Write out, unaltered, each line from the top of the records below down to the line where "j = a \<oplus>" appears, that line included.

◆ ◆ ◆ ◆

lemma add_middle_swap:
  assumes "a \<in> V" "b \<in> V" "c \<in> V" "d \<in> V"
  shows "a \<oplus> b \<oplus> (c \<oplus> d) = a \<oplus> c \<oplus> (b \<oplus> d)"
  using assms by (simp add: add_assoc add_commute[of b "c \<oplus> d"] add_commute[of b d])

lemma subspace_subset: "subspace L I \<Longrightarrow> I \<subseteq> V"
  unfolding subspace_def by blast

lemma lcoset_self: "subspace L I \<Longrightarrow> a \<in> V \<Longrightarrow> a \<in> lcoset L I a"
  unfolding lcoset_def subspace_def by (metis (mono_tags, lifting) add_zero mem_Collect_eq)

lemma lcoset_add:
  assumes I: "subspace L I" and a: "a \<in> V" and i: "i \<in> I"
  shows "lcoset L I (a \<oplus> i) = lcoset L I a"
proof -
  have iV: "i \<in> V" using I i subspace_subset by blast
  have shift: "a \<oplus> i \<oplus> j = a \<oplus> (i \<oplus> j)" if "j \<in> I" for j
    using a iV that subspace_subset[OF I] by (blast intro: add_assoc)
  have unshift: "a \<oplus> k = a \<oplus> i \<oplus> ((-1) \<odot> i \<oplus> k)" if "k \<in> I" for k
  proof -
    have kV: "k \<in> V" using that I subspace_subset by blast
    have "a \<oplus> i \<oplus> ((-1) \<odot> i \<oplus> k) = a \<oplus> (i \<oplus> (-1) \<odot> i \<oplus> k)"
      using a iV kV by (simp add: add_assoc del: add_neg)
    also have "\<dots> = a \<oplus> k" using iV kV by simp
    finally show ?thesis by simp
  qed
  have closed: "i \<oplus> j \<in> I" "(-1) \<odot> i \<oplus> j \<in> I" if "j \<in> I" for j
    using I i that unfolding subspace_def by blast+
  show ?thesis
    unfolding lcoset_def using shift unshift closed by blast
qed

lemma lcoset_eq_imp_add:
  assumes "subspace L I" "a \<in> V" "lcoset L I a = lcoset L I b"
  shows "\<exists>i\<in>I. a = b \<oplus> i"
  using lcoset_self[OF assms(1,2)] assms(3) unfolding lcoset_def by blast

lemma supplement_if_lcoset_image_eq:
  assumes I: "subspace L I" and S: "lcoset L I ` S = lcoset L I ` V"
  shows "\<forall>w\<in>V. \<exists>s\<in>S. \<exists>i\<in>I. w = s \<oplus> i"
proof
  fix w assume w: "w \<in> V"
  then obtain s where "s \<in> S" "lcoset L I w = lcoset L I s" using S by (metis imageE imageI)
  then show "\<exists>s\<in>S. \<exists>i\<in>I. w = s \<oplus> i" using lcoset_eq_imp_add[OF I w] by blast
qed

lemma some_lcoset:
  assumes "subspace L I" "a \<in> V"
  obtains i where "i \<in> I" "(SOME p. p \<in> lcoset L I a) = a \<oplus> i"
proof -
  have "(SOME p. p \<in> lcoset L I a) \<in> lcoset L I a"
    using lcoset_self[OF assms] by (rule someI)
  then show ?thesis using that unfolding lcoset_def by blast
qed

text \<open>The quotient operations are applied to representatives picked by \<open>SOME\<close>; the choice is
  irrelevant because a coset absorbs every element of \<open>I\<close>.\<close>

lemma quotient_ladd:
  assumes I: "subspace L I" and a: "a \<in> V" and b: "b \<in> V"
  shows "ladd (quotient L I) (lcoset L I a) (lcoset L I b) = lcoset L I (a \<oplus> b)"
proof -
  obtain i j where i: "i \<in> I" "(SOME p. p \<in> lcoset L I a) = a \<oplus> i"
    and j: "j \<in> I" "(SOME p. p \<in> lcoset L I b) = b \<oplus> j"
    using some_lcoset[OF I a] some_lcoset[OF I b] by metis
  have iV: "i \<in> V" and jV: "j \<in> V" using i j subspace_subset[OF I] by auto
  have "ladd (quotient L I) (lcoset L I a) (lcoset L I b) = lcoset L I (a \<oplus> i \<oplus> (b \<oplus> j))"
    using i j by (simp add: quotient_def)
  also have "\<dots> = lcoset L I (a \<oplus> b \<oplus> (i \<oplus> j))"
    using a b iV jV by (simp add: add_middle_swap)
  also have "\<dots> = lcoset L I (a \<oplus> b)"
    using I a b i j by (simp add: lcoset_add subspace_def)
  finally show ?thesis .
qed

lemma quotient_lsmult:
  assumes I: "subspace L I" and a: "a \<in> V"
  shows "lsmult (quotient L I) c (lcoset L I a) = lcoset L I (c \<odot> a)"
proof -
  obtain i where i: "i \<in> I" "(SOME p. p \<in> lcoset L I a) = a \<oplus> i"
    using some_lcoset[OF I a] by metis
  have "lsmult (quotient L I) c (lcoset L I a) = lcoset L I (c \<odot> a \<oplus> c \<odot> i)"
    using i a subspace_subset[OF I] by (auto simp: quotient_def smult_add_right)
  also have "\<dots> = lcoset L I (c \<odot> a)"
    using I a i by (simp add: lcoset_add subspace_def)
  finally show ?thesis .
qed

lemma quotient_lbr:
  assumes I: "lie_ideal L I" and a: "a \<in> V" and b: "b \<in> V"
  shows "lbr (quotient L I) (lcoset L I a) (lcoset L I b) = lcoset L I (br a b)"
proof -
  have S: "subspace L I" and absorb: "\<And>x i. x \<in> V \<Longrightarrow> i \<in> I \<Longrightarrow> br x i \<in> I"
    using I unfolding lie_ideal_def by blast+
  obtain i j where i: "i \<in> I" "(SOME p. p \<in> lcoset L I a) = a \<oplus> i"
    and j: "j \<in> I" "(SOME p. p \<in> lcoset L I b) = b \<oplus> j"
    using some_lcoset[OF S a] some_lcoset[OF S b] by metis
  have iV: "i \<in> V" and jV: "j \<in> V" using i j subspace_subset[OF S] by auto
  have "br (a \<oplus> i) (b \<oplus> j) = br a b \<oplus> (br a j \<oplus> br i (b \<oplus> j))"
    using a b iV jV by (simp add: br_add_left[of a i] br_add_right[of b j a] add_assoc)
  moreover have "br i (b \<oplus> j) \<in> I"
    using S b jV i absorb[of "b \<oplus> j" i] br_antisym[of "b \<oplus> j" i] iV
    unfolding subspace_def by simp
  then have "br a j \<oplus> br i (b \<oplus> j) \<in> I"
    using S a j absorb unfolding subspace_def by blast
  ultimately have "lcoset L I (br (a \<oplus> i) (b \<oplus> j)) = lcoset L I (br a b)"
    using S a b by (simp add: lcoset_add)
  then show ?thesis using i j by (simp add: quotient_def)
qed

lemma lie_hom_lcoset:
  assumes "lie_ideal L I"
  shows "lie_hom L (quotient L I) (lcoset L I)"
proof -
  have "subspace L I" using assms unfolding lie_ideal_def by blast
  with assms show ?thesis
    unfolding lie_hom_def by (simp add: quotient_ladd quotient_lsmult quotient_lbr) (simp add: quotient_def)
qed

lemma lgen_subset_carrier:
  assumes "S \<subseteq> V"
  shows "lgen L S \<subseteq> V"
proof
  fix x assume "x \<in> lgen L S"
  then show "x \<in> V" by induction (use assms in auto)
qed

lemma subalgebra_lgen: "S \<subseteq> V \<Longrightarrow> subalgebra L (lgen L S)"
  using lgen_subset_carrier unfolding subalgebra_def subspace_def by (auto intro: lgen.intros)

lemma lie_homD:
  assumes "lie_hom L L' f"
  shows "f \<zero> = lzero L'"
    and "a \<in> V \<Longrightarrow> b \<in> V \<Longrightarrow> f (a \<oplus> b) = ladd L' (f a) (f b)"
    and "a \<in> V \<Longrightarrow> f (c \<odot> a) = lsmult L' c (f a)"
    and "a \<in> V \<Longrightarrow> b \<in> V \<Longrightarrow> f (br a b) = lbr L' (f a) (f b)"
  using assms unfolding lie_hom_def by auto

lemma lgen_image_subset:
  assumes hom: "lie_hom L L' f" and S: "S \<subseteq> V"
  shows "lgen L' (f ` S) \<subseteq> f ` lgen L S"
proof
  have gen: "lgen L S \<subseteq> V" using lgen_subset_carrier[OF S] .
  fix y assume "y \<in> lgen L' (f ` S)"
  then show "y \<in> f ` lgen L S"
  proof (induction rule: lgen.induct)
    case gen_zero
    show ?case using lie_homD(1)[OF hom] lgen.gen_zero by (metis imageI)
  next
    case (gen_base y)
    then show ?case by (auto intro: lgen.gen_base)
  next
    case (gen_add y y')
    then obtain a b where "a \<in> lgen L S" "b \<in> lgen L S" "y = f a" "y' = f b" by blast
    moreover from this have "ladd L' y y' = f (a \<oplus> b)"
      using gen lie_homD(2)[OF hom] by (metis subsetD)
    ultimately show ?case by (blast intro: lgen.gen_add)
  next
    case (gen_smult y c)
    then obtain a where "a \<in> lgen L S" "y = f a" by blast
    moreover from this have "lsmult L' c y = f (c \<odot> a)"
      using gen lie_homD(3)[OF hom] by (metis subsetD)
    ultimately show ?case by (blast intro: lgen.gen_smult)
  next
    case (gen_br y y')
    then obtain a b where "a \<in> lgen L S" "b \<in> lgen L S" "y = f a" "y' = f b" by blast
    moreover from this have "lbr L' y y' = f (br a b)"
      using gen lie_homD(4)[OF hom] by (metis subsetD)
    ultimately show ?case by (blast intro: lgen.gen_br)
  qed
qed

lemma image_lgen_subset:
  assumes hom: "lie_hom L L' f" and S: "S \<subseteq> V"
  shows "f ` lgen L S \<subseteq> lgen L' (f ` S)"
proof -
  have gen: "lgen L S \<subseteq> V" using lgen_subset_carrier[OF S] .
  have "f x \<in> lgen L' (f ` S)" if "x \<in> lgen L S" for x
    using that
  proof (induction rule: lgen.induct)
    case (gen_add a b)
    then show ?case using gen lie_homD(2)[OF hom] by (metis subsetD lgen.gen_add)
  next
    case (gen_smult a c)
    then show ?case using gen lie_homD(3)[OF hom] by (metis subsetD lgen.gen_smult)
  next
    case (gen_br a b)
    then show ?case using gen lie_homD(4)[OF hom] by (metis subsetD lgen.gen_br)
  qed (auto simp: lie_homD(1)[OF hom] intro: lgen.intros)
  then show ?thesis by blast
qed

lemma lgen_image: "lie_hom L L' f \<Longrightarrow> S \<subseteq> V \<Longrightarrow> lgen L' (f ` S) = f ` lgen L S"
  using lgen_image_subset image_lgen_subset by (rule subset_antisym)

lemma two_generated_image:
  assumes "lie_hom L L' f" "f ` V = lcarrier L'" "two_generated L"
  shows "two_generated L'"
proof -
  obtain x y where xy: "x \<in> V" "y \<in> V" "lgen L {x, y} = V"
    using assms(3) unfolding two_generated_def by blast
  then have "lgen L' {f x, f y} = lcarrier L'"
    using lgen_image[OF assms(1), of "{x, y}"] assms(2) by simp
  then show ?thesis using xy assms(2) unfolding two_generated_def by blast
qed

lemma lspan_least:
  assumes "subspace L M" "S \<subseteq> M"
  shows "lspan L S \<subseteq> M"
proof
  fix x assume "x \<in> lspan L S"
  then show "x \<in> M" by induction (use assms in \<open>auto simp: subspace_def\<close>)
qed

lemma subspace_carrier: "subspace L V"
  unfolding subspace_def by simp

lemma subspace_lspan: "S \<subseteq> V \<Longrightarrow> subspace L (lspan L S)"
  using lspan_least[OF subspace_carrier] unfolding subspace_def by (auto intro: lspan.intros)

lemma lie_ideal_lspan_Union:
  assumes ideals: "\<And>I. I \<in> \<I> \<Longrightarrow> lie_ideal L I"
  shows "lie_ideal L (lspan L (\<Union>\<I>))"
proof -
  have U: "\<Union>\<I> \<subseteq> V" using ideals unfolding lie_ideal_def subspace_def by blast
  have J: "lspan L (\<Union>\<I>) \<subseteq> V" using lspan_least[OF subspace_carrier U] .
  have "br x y \<in> lspan L (\<Union>\<I>)" if x: "x \<in> V" and "y \<in> lspan L (\<Union>\<I>)" for x y
    using that(2)
  proof (induction rule: lspan.induct)
    case span_zero
    then show ?case using x by (simp add: lspan.span_zero)
  next
    case (span_base y)
    then obtain I where "I \<in> \<I>" "y \<in> I" by blast
    then have "br x y \<in> \<Union>\<I>" using x ideals unfolding lie_ideal_def by blast
    then show ?case by (rule lspan.span_base)
  next
    case (span_add a b)
    have "a \<in> V" "b \<in> V" using span_add.hyps J by auto
    then show ?case using x span_add.IH by (simp add: br_add_right lspan.span_add)
  next
    case (span_smult a c)
    have "a \<in> V" using span_smult.hyps J by auto
    then show ?case using x span_smult.IH by (simp add: br_smult_right lspan.span_smult)
  qed
  then show ?thesis using subspace_lspan[OF U] unfolding lie_ideal_def by blast
qed
lemma quad_three_points_deep:
  assumes "disc \<noteq> 0" "v disc < k" "val_ge (quad s) k" "val_ge (quad t) k" "val_ge (quad w) k"
  shows "val_ge (s - t) (k - v disc div 2) \<or> val_ge (s - w) (k - v disc div 2) \<or>
    val_ge (t - w) (k - v disc div 2)"
proof (rule ccontr)
  define r where "r = k - v (2 * a * s + b)"
  have "2 * v (2 * a * s + b) = v disc"
    using quad_deep_root_val(2)[OF assms(1-3)] .
  then have r_eq: "k - v disc div 2 = r"
    by (simp add: r_def)
  assume "\<not> ?thesis"
  then have far: "\<not> val_ge (t - s) r" "\<not> val_ge (w - s) r" "\<not> val_ge (t - w) r"
    unfolding r_eq using val_ge_diff_commute by blast+
  have "val_ge ((2 * a * s + b + a * (t - s)) - (2 * a * s + b + a * (w - s))) r"
    using quad_deep_far_pair(3)[OF assms(1-4)] quad_deep_far_pair(3)[OF assms(1-3,5)] far(1,2)
    by (intro val_ge_diff) (simp_all add: r_def)
  moreover have "(2 * a * s + b + a * (t - s)) - (2 * a * s + b + a * (w - s)) = a * (t - w)"
    by (simp add: algebra_simps)
  ultimately have "val_ge (t - w) r"
    using val_ge_unit_mult_iff[OF lead_unit] by simp
  with far(3) show False ..
qed

lemma quad_three_points:
  assumes "disc \<noteq> 0" "val_ge (quad s) k" "val_ge (quad t) k" "val_ge (quad w) k"
  shows "val_ge (s - t) (k - v disc div 2) \<or> val_ge (s - w) (k - v disc div 2) \<or>
    val_ge (t - w) (k - v disc div 2)"
proof (cases "v disc < k")
  case True
  then show ?thesis
    using quad_three_points_deep assms by blast
next
  case False
  then have "2 * (k - v disc div 2) \<le> k + 1"
    by presburger
  then show ?thesis
    using quad_three_points_shallow assms(2-4) by blast
qed

lemma quad_sublevel_two_vballs:
  assumes "disc \<noteq> 0"
  shows "\<exists>c1 c2. {t. val_ge (quad t) k} \<subseteq>
    vball v c1 (k - v disc div 2) \<union> vball v c2 (k - v disc div 2)"
  using quad_three_points[OF assms] by (intro two_vballs_cover) blast

lemma quad_residue_lift_unique:
  assumes "disc \<noteq> 0" "v disc = 0" "1 \<le> k" "val_ge (quad s) k" "val_ge (quad t) k"
    and "val_ge (t - s) 1"
  shows "val_ge (t - s) k"
proof (rule ccontr)
  assume far: "\<not> val_ge (t - s) k"
  have deep: "v disc < k"
    using assms(2,3) by simp
  have "v (2 * a * s + b) = 0"
    using quad_deep_root_val(2)[OF assms(1) deep assms(4)] assms(2) by simp
  then have "t - s \<noteq> 0" "v (t - s) = 0"
    using quad_deep_far_pair(1,2)[OF assms(1) deep assms(4,5)] far by auto
  then show False
    using assms(6) by (simp add: val_ge_def)
qed

lemma quad_sublevel_residue_vballs:
  assumes finite_residues: "finite (residue v ` vint v)"
    and "disc \<noteq> 0" "v disc = 0" "1 \<le> k"
  shows "\<exists>C. finite C \<and> card C \<le> card (residue v ` {t \<in> vint v. val_ge (quad t) 1}) \<and>
    {t \<in> vint v. val_ge (quad t) k} \<subseteq> (\<Union>c\<in>C. vball v c k)"
proof -
  define A where "A = {t \<in> vint v. val_ge (quad t) k}"
  have "\<forall>\<rho>\<in>residue v ` A. \<exists>t\<in>A. residue v t = \<rho>"
    by blast
  then obtain rep where rep: "\<And>\<rho>. \<rho> \<in> residue v ` A \<Longrightarrow> rep \<rho> \<in> A \<and> residue v (rep \<rho>) = \<rho>"
    by metis
  have finite_A1: "finite (residue v ` {t \<in> vint v. val_ge (quad t) 1})"
    using finite_residues by (rule rev_finite_subset) auto
  have "A \<subseteq> {t \<in> vint v. val_ge (quad t) 1}"
    using assms(4) val_ge_mono by (auto simp: A_def)
  then have "card (residue v ` A) \<le> card (residue v ` {t \<in> vint v. val_ge (quad t) 1})"
    using finite_A1 by (intro card_mono image_mono)
  moreover have finite_R: "finite (residue v ` A)"
    using finite_residues by (rule rev_finite_subset) (auto simp: A_def)
  ultimately have "card (rep ` residue v ` A) \<le> card (residue v ` {t \<in> vint v. val_ge (quad t) 1})"
    using card_image_le[OF finite_R, of rep] by linarith
  moreover have "finite (rep ` residue v ` A)"
    using finite_R by (rule finite_imageI)
  moreover have "A \<subseteq> (\<Union>c\<in>rep ` residue v ` A. vball v c k)"
  proof
    fix t assume t: "t \<in> A"
    then have c: "rep (residue v t) \<in> A" "residue v (rep (residue v t)) = residue v t"
      using rep by auto
    then have "val_ge (t - rep (residue v t)) 1"
      using residue_eq_iff[of t "rep (residue v t)"] t by (simp add: A_def)
    then have "val_ge (t - rep (residue v t)) k"
      using quad_residue_lift_unique[OF assms(2-4)] c(1) t by (simp add: A_def)
    then have "t \<in> vball v (rep (residue v t)) k"
      by (simp add: vball_eq)
    then show "t \<in> (\<Union>c\<in>rep ` residue v ` A. vball v c k)"
      using t by blast
  qed
  ultimately have "\<exists>C. finite C \<and> card C \<le> card (residue v ` {t \<in> vint v. val_ge (quad t) 1}) \<and>
      A \<subseteq> (\<Union>c\<in>C. vball v c k)"
    by blast
  then show ?thesis
    by (simp only: A_def)
qed

end

lemma gxy_conj_gam_in_ZK:
  assumes y: "y \<noteq> 0" and u: "u \<noteq> 0" "v u = 0"
    and ZK: "m2mul (m2inv (gxy x y)) (m2mul (gam m u) (gxy x y)) \<in> ZK v e"
  shows "int e \<le> - v y" "val_ge (x / y) 0" "val_ge (u * (x / y)\<^sup>2 - m * (x / y) + 1) (- v y)"
proof -
  obtain z a b c d where z: "z \<noteq> 0" and K: "(a, b, c, d) \<in> Kve v e"
    and eq: "m2mul (m2inv (gxy x y)) (m2mul (gam m u) (gxy x y)) = m2scale z (a, b, c, d)"
    using ZK unfolding ZK_def by auto
  have K_val: "val_ge a 0" "val_ge b 0" "val_ge c (int e)" "a * d - b * c \<noteq> 0" "v (a * d - b * c) = 0"
    using K by (auto simp: Kve_def vint_eq vball_eq m2det_def)
  have entries: "z * a = u * (x / y)" "z * b = y * (u * (x / y)\<^sup>2 - m * (x / y) + 1)"
    "z * c = - u / y" "z * d = m - u * (x / y)"
    using eq gxy_conj_gam[OF y, of x m u] by (auto simp: m2scale_def)
  \<comment> \<open>the conjugate has the unit determinant u, so the scalar z is a unit\<close>
  have "(z * z) * (a * d - b * c) = (z * a) * (z * d) - (z * b) * (z * c)"
    by (simp add: algebra_simps)
  also have "\<dots> = u"
    unfolding entries using y by (simp add: field_simps power2_eq_square)
  finally have "v (z * z) + v (a * d - b * c) = v u"
    using val_mult[of "z * z"] z K_val(4) by (metis mult_eq_0_iff)
  then have z_unit: "val_ge z 0"
    using val_mult[OF z z] K_val(5) u(2) by (simp add: val_ge_def)
  have "val_ge (u * (x / y)) 0"
    using val_ge_mult[OF z_unit K_val(1)] entries(1) by simp
  then show "val_ge (x / y) 0"
    using val_ge_unit_mult_iff[OF u, of "x / y"] by simp
  have "val_ge (y * (u * (x / y)\<^sup>2 - m * (x / y) + 1)) 0"
    using val_ge_mult[OF z_unit K_val(2)] entries(2) by simp
  then show "val_ge (u * (x / y)\<^sup>2 - m * (x / y) + 1) (- v y)"
    using val_ge_mult_iff[OF y] by simp
  have "val_ge (- u / y) (int e)"
    using val_ge_mult[OF z_unit K_val(3)] entries(3) by simp
  moreover have "- u / y \<noteq> 0" "v (- u / y) = - v y"
    using u y val_mult[of u "inverse y"] val_inverse[OF y] by (auto simp: divide_inverse)
  ultimately show "int e \<le> - v y"
    by (simp add: val_ge_def)
qed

◆ ◆ ◆ ◆

▶ Response to this exercise
lemma add_middle_swap:
  assumes "a \<in> V" "b \<in> V" "c \<in> V" "d \<in> V"
  shows "a \<oplus> b \<oplus> (c \<oplus> d) = a \<oplus> c \<oplus> (b \<oplus> d)"
  using assms by (simp add: add_assoc add_commute[of b "c \<oplus> d"] add_commute[of b d])

lemma subspace_subset: "subspace L I \<Longrightarrow> I \<subseteq> V"
  unfolding subspace_def by blast

lemma lcoset_self: "subspace L I \<Longrightarrow> a \<in> V \<Longrightarrow> a \<in> lcoset L I a"
  unfolding lcoset_def subspace_def by (metis (mono_tags, lifting) add_zero mem_Collect_eq)

lemma lcoset_add:
  assumes I: "subspace L I" and a: "a \<in> V" and i: "i \<in> I"
  shows "lcoset L I (a \<oplus> i) = lcoset L I a"
proof -
  have iV: "i \<in> V" using I i subspace_subset by blast
  have shift: "a \<oplus> i \<oplus> j = a \<oplus> (i \<oplus> j)" if "j \<in> I" for j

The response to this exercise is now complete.